# Im confused on which "behringer" to buy!



## panduro (Oct 3, 2009)

Hi all,

Sorry for posting a question that i can imagine has been asked so many times before, but reading a load of post's has made me alot more confused!

i have just finished building a sealed 12" dvc(dual voicecore)unit. it is being driven by both channals on a nakamichi pa-5s2 stereo poweramplifier.

the sub gets its signal though a holfi 3.5.1 amplifier, which has a stereo sub output, but no bass management, or lowpass filter strangly enoughf(i can hear vocals on my sub when playing in 2 channal mode:help. i can ajust the soundlevel af the sub though my maranzs dv7001. 

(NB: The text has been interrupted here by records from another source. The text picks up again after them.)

lemma margin_numerator_le:
  fixes d vi vj C M4i M4j lamT lamS lamQ :: real and m :: nat
  assumes m: "m \<ge> 1" and v: "vi \<ge> 0" "vj \<ge> 0"
    and lam: "lamT > 0" "lamS > 0" "lamQ > 0"
  defines "kap \<equiv> lamT + lamS + lamQ"
  defines "aT \<equiv> 4 * kap / (real m * lamT)" and "aS \<equiv> kap / (real m * lamS)"
    and "aQ \<equiv> kap / (real m ^ 3 * lamQ)"
  shows "4 * (d\<^sup>2 * C) + 4 * vi * (vi / m + vj / m)
        + kap * (d\<^sup>2 * (vj / m) / lamT + d\<^sup>2 * (vj / m) / lamS
          + ((M4i + 2 * (real m - 1) * vi\<^sup>2) / real m ^ 3
            + (M4j + 2 * (real m - 1) * vj\<^sup>2) / real m ^ 3) / lamQ)
      \<le> 4 * (d\<^sup>2 * C) + aT * (vi + vj)\<^sup>2 + aT / 4 * (vi + vj) * d\<^sup>2 + aS * (vi + vj) * d\<^sup>2
        + aQ * (M4i + M4j + 2 * (real m - 1) * (vi + vj)\<^sup>2)"
proof -
  have m0: "real m > 0"
    using m by simp
  have kT: "1 \<le> kap / lamT" and kS: "1 \<le> kap / lamS" and kQ: "0 \<le> kap / lamQ"
    using lam by (simp_all add: kap_def field_simps)
  have var_term: "4 * vi * (vi / m + vj / m) \<le> aT * (vi + vj)\<^sup>2"
  proof -
    have "4 * vi * (vi / m + vj / m) = (4 / m) * (vi * (vi + vj))"
      using m0 by (simp add: field_simps)
    also have "\<dots> \<le> (4 / m) * ((kap / lamT) * (vi + vj)\<^sup>2)"
    proof (intro mult_left_mono)
      have "vi * (vi + vj) \<le> (vi + vj)\<^sup>2"
        using v by (simp add: power2_eq_square mult_right_mono)
      also have "\<dots> \<le> (kap / lamT) * (vi + vj)\<^sup>2"
        using mult_right_mono[OF kT, of "(vi + vj)\<^sup>2"] by simp
      finally show "vi * (vi + vj) \<le> (kap / lamT) * (vi + vj)\<^sup>2" .
    qed simp
    also have "\<dots> = aT * (vi + vj)\<^sup>2"
      by (simp add: aT_def)
    finally show ?thesis .
  qed
  have mean_terms: "kap * (d\<^sup>2 * (vj / m) / lamT) \<le> aT / 4 * (vi + vj) * d\<^sup>2"
    "kap * (d\<^sup>2 * (vj / m) / lamS) \<le> aS * (vi + vj) * d\<^sup>2"
    using v lam m0 by (simp_all add: aT_def aS_def kap_def field_simps mult_left_mono)
  have fourth_moment_term: "kap * (((M4i + 2 * (real m - 1) * vi\<^sup>2) / real m ^ 3
        + (M4j + 2 * (real m - 1) * vj\<^sup>2) / real m ^ 3) / lamQ)
      \<le> aQ * (M4i + M4j + 2 * (real m - 1) * (vi + vj)\<^sup>2)"
  proof -
    have "2 * (real m - 1) * (vi\<^sup>2 + vj\<^sup>2) \<le> 2 * (real m - 1) * (vi + vj)\<^sup>2"
      using v m by (intro mult_left_mono) (auto simp: power2_eq_square algebra_simps)
    then have "(M4i + 2 * (real m - 1) * vi\<^sup>2) + (M4j + 2 * (real m - 1) * vj\<^sup>2)
        \<le> M4i + M4j + 2 * (real m - 1) * (vi + vj)\<^sup>2"
      by (simp add: algebra_simps)
    have "kap * (((M4i + 2 * (real m - 1) * vi\<^sup>2) / real m ^ 3
        + (M4j + 2 * (real m - 1) * vj\<^sup>2) / real m ^ 3) / lamQ)
      = (kap / lamQ) * (((M4i + 2 * (real m - 1) * vi\<^sup>2) + (M4j + 2 * (real m - 1) * vj\<^sup>2)) / real m ^ 3)"
      using lam m0 by (simp add: field_simps)
    also have "\<dots> \<le> (kap / lamQ) * ((M4i + M4j + 2 * (real m - 1) * (vi + vj)\<^sup>2) / real m ^ 3)"
      using \<open>(M4i + 2 * (real m - 1) * vi\<^sup>2) + (M4j + 2 * (real m - 1) * vj\<^sup>2)
        \<le> M4i + M4j + 2 * (real m - 1) * (vi + vj)\<^sup>2\<close> kQ m0
      by (intro mult_left_mono divide_right_mono) auto
    also have "\<dots> = aQ * (M4i + M4j + 2 * (real m - 1) * (vi + vj)\<^sup>2)"
      by (simp add: aQ_def)
    finally show ?thesis .
  qed
  show ?thesis
    using var_term mean_terms fourth_moment_term by (simp only: distrib_left)
qed

lemma margin_bound_normalize:
  fixes d vi vj C M4i M4j lamT lamS lamQ :: real and m :: nat
  assumes d: "d > 0" and m: "m \<ge> 1" and v: "vi \<ge> 0" "vj \<ge> 0"
    and lam: "lamT > 0" "lamS > 0" "lamQ > 0"
  defines "kap \<equiv> lamT + lamS + lamQ"
  defines "aT \<equiv> 4 * kap / (real m * lamT)" and "aS \<equiv> kap / (real m * lamS)"
    and "aQ \<equiv> kap / (real m ^ 3 * lamQ)" and "V \<equiv> (vi + vj) / d\<^sup>2"
  shows "(4 * (d\<^sup>2 * C) + 4 * vi * (vi / m + vj / m)
        + kap * (d\<^sup>2 * (vj / m) / lamT + d\<^sup>2 * (vj / m) / lamS
          + ((M4i + 2 * (real m - 1) * vi\<^sup>2) / real m ^ 3
            + (M4j + 2 * (real m - 1) * vj\<^sup>2) / real m ^ 3) / lamQ))
      / (d\<^sup>2 + (vj - vi) / m)\<^sup>2
    \<le> (4 * (C / d\<^sup>2) + aT * V\<^sup>2 + (aT / 4 + aS) * V + aQ * ((M4i + M4j) / d ^ 4 + 2 * (real m - 1) * V\<^sup>2))
      / (1 + (vj - vi) / (real m * d\<^sup>2))\<^sup>2"
proof -
  have m0: "real m > 0"
    using m by simp
  have "d ^ 4 * (4 * (C / d\<^sup>2) + aT * V\<^sup>2 + (aT / 4 + aS) * V
      + aQ * ((M4i + M4j) / d ^ 4 + 2 * (real m - 1) * V\<^sup>2))
    = 4 * (d\<^sup>2 * C) + aT * (vi + vj)\<^sup>2 + aT / 4 * (vi + vj) * d\<^sup>2 + aS * (vi + vj) * d\<^sup>2
      + aQ * (M4i + M4j + 2 * (real m - 1) * (vi + vj)\<^sup>2)"
    using d by (simp add: V_def field_simps power2_eq_square power4_eq_xxxx)
  with margin_numerator_le[OF m v lam, of d C M4i M4j, folded kap_def, folded aT_def aS_def aQ_def]
  have "4 * (d\<^sup>2 * C) + 4 * vi * (vi / m + vj / m)
        + kap * (d\<^sup>2 * (vj / m) / lamT + d\<^sup>2 * (vj / m) / lamS
          + ((M4i + 2 * (real m - 1) * vi\<^sup>2) / real m ^ 3
            + (M4j + 2 * (real m - 1) * vj\<^sup>2) / real m ^ 3) / lamQ)
      \<le> d ^ 4 * (4 * (C / d\<^sup>2) + aT * V\<^sup>2 + (aT / 4 + aS) * V
        + aQ * ((M4i + M4j) / d ^ 4 + 2 * (real m - 1) * V\<^sup>2))"
    by linarith
  then have "(4 * (d\<^sup>2 * C) + 4 * vi * (vi / m + vj / m)
        + kap * (d\<^sup>2 * (vj / m) / lamT + d\<^sup>2 * (vj / m) / lamS
          + ((M4i + 2 * (real m - 1) * vi\<^sup>2) / real m ^ 3
            + (M4j + 2 * (real m - 1) * vj\<^sup>2) / real m ^ 3) / lamQ)) / (d\<^sup>2 + (vj - vi) / m)\<^sup>2
      \<le> d ^ 4 * (4 * (C / d\<^sup>2) + aT * V\<^sup>2 + (aT / 4 + aS) * V
        + aQ * ((M4i + M4j) / d ^ 4 + 2 * (real m - 1) * V\<^sup>2)) / (d\<^sup>2 + (vj - vi) / m)\<^sup>2"
    by (rule divide_right_mono) simp
  also have "\<dots> = (4 * (C / d\<^sup>2) + aT * V\<^sup>2 + (aT / 4 + aS) * V
        + aQ * ((M4i + M4j) / d ^ 4 + 2 * (real m - 1) * V\<^sup>2)) / (1 + (vj - vi) / (real m * d\<^sup>2))\<^sup>2"
  proof -
    have "d\<^sup>2 + (vj - vi) / m = d\<^sup>2 * (1 + (vj - vi) / (real m * d\<^sup>2))"
      using d m0 by (simp add: field_simps)
    then show ?thesis
      using d by (simp add: power_mult_distrib power4_eq_xxxx power2_eq_square)
  qed
  finally show ?thesis .
qed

My stereo quality is the main prioriti, but the sub is used for ht duty as well.


so i need a lowpass filter and eq capability, i would love the have a high pass filter for my stereospeakers also so i can do a proper crossover between the sub and frontspeakers. 

is it possible to fullfill my wishes within a budget of 400usd for a new product, and what would that be ?

best regards

panduro


----------



## brucek (Apr 11, 2006)

I would look at the Behringer DCX2496.

brucek


----------



## panduro (Oct 3, 2009)

Thanks that model i havent looked at before...

best regards 

panduro


----------